Our initial version has, as our REST backend (the one we want to turn into an OAuth provider) a simple PHP REST server using the Slim framework. There is a login page (login.php), logout (logout.php) and a home page (index.php), where you can see the user profile information as stored in our backend database. The session data is fairly simple, just the user_id, name, email and api_key.

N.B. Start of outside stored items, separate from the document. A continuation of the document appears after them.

(* Let $A$ be a hyperoperator on $\mathbb{R}^n$ on the complex Banach space $X$, let $f\in\mathcal{E}(\mathbb{R}^n,\mathbb{R}^m)$, and let $X'=\{x\in D_A: f(a)x=0\}$ and $Y=\overline{X'}$. Then $Y$ is an $a$-invariant closed subspace of $X$ (in particular $a_j$ maps $X'$ into $X'$ and $A(\phi)Y\subset Y$ for all $\phi\in\mathcal{D}(\mathbb{R}^n)$), and the restriction $a'=a|_Y$ is a hyperoperator, i.e. $A'(\phi):=A(\phi)|_Y$ defines a hyperoperator on $\mathbb{R}^n$ on the Banach space $Y$. Moreover $D_{A'}=X'$ and $$\operatorname{int}\{f=0\}\cap\sigma(A)\subset\sigma(A')\subset\{f=0\}\cap\sigma(A).$$ If $\{f=0\}$ contains an open subset of $\mathbb{R}^n$ that meets $\sigma(A)$, then $Y\neq\{0\}$.
   Context: $X$ is a complex Banach space, $L(X)$ the bounded operators. $\mathcal{D}(\mathbb{R}^n)=C_c^\infty(\mathbb{R}^n)$ (complex-valued); $\mathcal{E}(\mathbb{R}^n,\mathbb{R}^m)$ the smooth maps $\mathbb{R}^n\to\mathbb{R}^m$. A hyperoperator on $\mathbb{R}^n$ on a Banach space $Z$ is a linear map $B:\mathcal{D}(\mathbb{R}^n)\to L(Z)$, continuous ($B(\phi_j)\to0$ in operator norm when $\phi_j\to0$ in $\mathcal{D}(\mathbb{R}^n)$), multiplicative ($B(\phi\psi)=B(\phi)B(\psi)$), with (i) $D_B:=\bigcup_\phi\operatorname{Im}B(\phi)$ dense in $Z$ and (ii) $\bigcap_\phi\operatorname{Ker}B(\phi)=\{0\}$. For smooth $g:\mathbb{R}^n\to\mathbb{R}^k$ and $x\in D_A$ written $x=A(\phi)y$, $g(a)x:=A(g\phi)y$ (well defined, componentwise); $a_j:=g_j(a)$ with $g_j(\xi)=\xi_j$. $\sigma(A)$ denotes the support of $A$ as an $L(X)$-valued distribution; $\{f=0\}=f^{-1}(0)$. *)

theory Defs
  imports "HOL-Analysis.Analysis"
begin

text \<open>HOL has no type class of complex vector spaces.  A complex Banach space is
rendered as a real Banach space (type class banach) together with a complex scalar
multiplication smul extending the real one and compatible with the norm.\<close>

definition complex_banach :: "(complex \<Rightarrow> 'x::banach \<Rightarrow> 'x) \<Rightarrow> bool" where
  "complex_banach smul \<longleftrightarrow> vector_space smul
     \<and> (\<forall>(r::real) x. smul (complex_of_real r) x = r *\<^sub>R x)
     \<and> (\<forall>c x. norm (smul c x) = cmod c * norm x)"

definition csubspace :: "(complex \<Rightarrow> 'x::banach \<Rightarrow> 'x) \<Rightarrow> 'x set \<Rightarrow> bool" where
  "csubspace smul Z \<longleftrightarrow> 0 \<in> Z \<and> (\<forall>x\<in>Z. \<forall>y\<in>Z. x + y \<in> Z) \<and> (\<forall>c. \<forall>x\<in>Z. smul c x \<in> Z)"

text \<open>Bounded complex-linear operators on a closed subspace Z (a Banach space in its own
right); operators are represented as functions on the ambient space, only their values
on Z matter.\<close>

definition bounded_op_on :: "(complex \<Rightarrow> 'x::banach \<Rightarrow> 'x) \<Rightarrow> 'x set \<Rightarrow> ('x \<Rightarrow> 'x) \<Rightarrow> bool" where
  "bounded_op_on smul Z T \<longleftrightarrow> T ` Z \<subseteq> Z
     \<and> (\<forall>x\<in>Z. \<forall>y\<in>Z. T (x + y) = T x + T y)
     \<and> (\<forall>c. \<forall>x\<in>Z. T (smul c x) = smul c (T x))
     \<and> (\<exists>K. \<forall>x\<in>Z. norm (T x) \<le> K * norm x)"

definition opnorm_on :: "'x set \<Rightarrow> ('x::real_normed_vector \<Rightarrow> 'x) \<Rightarrow> real" where
  "opnorm_on Z T = Sup ({norm (T x) | x. x \<in> Z \<and> norm x \<le> 1} \<union> {0})"

definition dderiv :: "'a::real_normed_vector \<Rightarrow> ('a \<Rightarrow> 'b::real_normed_vector) \<Rightarrow> 'a \<Rightarrow> 'b" where
  "dderiv v f = (\<lambda>x. frechet_derivative f (at x) v)"

fun dderivs :: "'a::real_normed_vector list \<Rightarrow> ('a \<Rightarrow> 'b::real_normed_vector) \<Rightarrow> 'a \<Rightarrow> 'b" where
  "dderivs [] f = f"
| "dderivs (v # vs) f = dderiv v (dderivs vs f)"

definition smooth :: "('a::euclidean_space \<Rightarrow> 'b::real_normed_vector) \<Rightarrow> bool" where
  "smooth f \<longleftrightarrow> (\<forall>vs. set vs \<subseteq> Basis \<longrightarrow> (\<forall>x. dderivs vs f differentiable (at x)))"

definition tsupport :: "('a::topological_space \<Rightarrow> 'b::zero) \<Rightarrow> 'a set" where
  "tsupport f = closure {x. f x \<noteq> 0}"

definition test_fun :: "('a::euclidean_space \<Rightarrow> complex) \<Rightarrow> bool" where
  "test_fun \<phi> \<longleftrightarrow> smooth \<phi> \<and> compact (tsupport \<phi>)"

definition D_tendsto_zero :: "(nat \<Rightarrow> 'a::euclidean_space \<Rightarrow> complex) \<Rightarrow> bool" where
  "D_tendsto_zero \<phi>s \<longleftrightarrow> (\<forall>j. test_fun (\<phi>s j))
     \<and> (\<exists>K. compact K \<and> (\<forall>j. tsupport (\<phi>s j) \<subseteq> K))
     \<and> (\<forall>vs. set vs \<subseteq> Basis \<longrightarrow>
          (\<forall>e>0. \<forall>\<^sub>F j in sequentially. \<forall>x. norm (dderivs vs (\<phi>s j) x) < e))"

definition hyperoperator ::
  "(complex \<Rightarrow> 'x::banach \<Rightarrow> 'x) \<Rightarrow> 'x set \<Rightarrow> (('a::euclidean_space \<Rightarrow> complex) \<Rightarrow> 'x \<Rightarrow> 'x) \<Rightarrow> bool" where
  "hyperoperator smul Z B \<longleftrightarrow>
     csubspace smul Z \<and> closed Z
     \<and> (\<forall>\<phi>. test_fun \<phi> \<longrightarrow> bounded_op_on smul Z (B \<phi>))
     \<and> (\<forall>\<phi> \<psi>. test_fun \<phi> \<longrightarrow> test_fun \<psi> \<longrightarrow> (\<forall>x\<in>Z. B (\<lambda>t. \<phi> t + \<psi> t) x = B \<phi> x + B \<psi> x))
     \<and> (\<forall>\<phi> c. test_fun \<phi> \<longrightarrow> (\<forall>x\<in>Z. B (\<lambda>t. c * \<phi> t) x = smul c (B \<phi> x)))
     \<and> (\<forall>\<phi>s. D_tendsto_zero \<phi>s \<longrightarrow> (\<lambda>j. opnorm_on Z (B (\<phi>s j))) \<longlonglongrightarrow> 0)
     \<and> (\<forall>\<phi> \<psi>. test_fun \<phi> \<longrightarrow> test_fun \<psi> \<longrightarrow> (\<forall>x\<in>Z. B (\<lambda>t. \<phi> t * \<psi> t) x = B \<phi> (B \<psi> x)))
     \<and> Z \<subseteq> closure (\<Union>\<phi>\<in>{\<phi>. test_fun \<phi>}. B \<phi> ` Z)
     \<and> (\<forall>x\<in>Z. (\<forall>\<phi>. test_fun \<phi> \<longrightarrow> B \<phi> x = 0) \<longrightarrow> x = 0)"

definition hdom :: "'x set \<Rightarrow> (('a::euclidean_space \<Rightarrow> complex) \<Rightarrow> 'x \<Rightarrow> 'x) \<Rightarrow> 'x set" where
  "hdom Z B = (\<Union>\<phi>\<in>{\<phi>. test_fun \<phi>}. B \<phi> ` Z)"

definition hsupport :: "'x::zero set \<Rightarrow> (('a::euclidean_space \<Rightarrow> complex) \<Rightarrow> 'x \<Rightarrow> 'x) \<Rightarrow> 'a set" where
  "hsupport Z B = {t. \<not> (\<exists>U. open U \<and> t \<in> U \<and>
       (\<forall>\<phi>. test_fun \<phi> \<and> tsupport \<phi> \<subseteq> U \<longrightarrow> (\<forall>x\<in>Z. B \<phi> x = 0)))}"

text \<open>Functional calculus g(a) for a real smooth g: for x = B(phi) y,
g(a) x = B(g phi) y (well defined on D_B).\<close>

definition hcalc :: "'x set \<Rightarrow> (('a::euclidean_space \<Rightarrow> complex) \<Rightarrow> 'x \<Rightarrow> 'x) \<Rightarrow> ('a \<Rightarrow> real) \<Rightarrow> 'x \<Rightarrow> 'x" where
  "hcalc Z B g x = (SOME v. \<exists>\<phi> y. test_fun \<phi> \<and> y \<in> Z \<and> x = B \<phi> y
                      \<and> v = B (\<lambda>t. complex_of_real (g t) * \<phi> t) y)"

end

theory Submission
  imports Defs
begin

You can import the initial database database_v1.sql. It contains some users you can use for your tests. All of them have “cambiame” as password. So you can login with credentials “john.smith@gmail.com” and password “cambiame”. The database access is managed by the DbHandler.php class (in /api/include), and assumes that your database name, user name for that database and password are all “oauth”. You can change this in DbHandler.php to your liking.

For login in, we have the endpoint /login. For simplicity’s sake, it returns just a simple api_key that allows further access to the REST API. The access points for the database are:

Access point
METHOD
Description
/register
POST
Registers a new user.
/login
POST
Login access point.
/me
GET
Returns the user profile information.

I have chosen Slim because it’s simple and easy to use, and will allow us to show the process of adding our OAuth functionality step by step. Slim is located under api, and you can define a route like this:

 

/** Profile info of the user endpoint */
$app->get('/me', function ($request, $response, $args) {
   global $userData;
   $result = array(
     "id" => $userData["id"],
     "name" => $userData["name"],
     "email" => $userData["email"],
     "api_key" => $userData["api_key"]);
   $data = array("error" => false, "user" => $result);
   return echoResponse($response, $data);
})->add($authenticate);

In this example, we are defining a GET endpoint called “/me”. The function, “->add($authenticate);” is an authentication middleware that checks the presence of a valid api_key.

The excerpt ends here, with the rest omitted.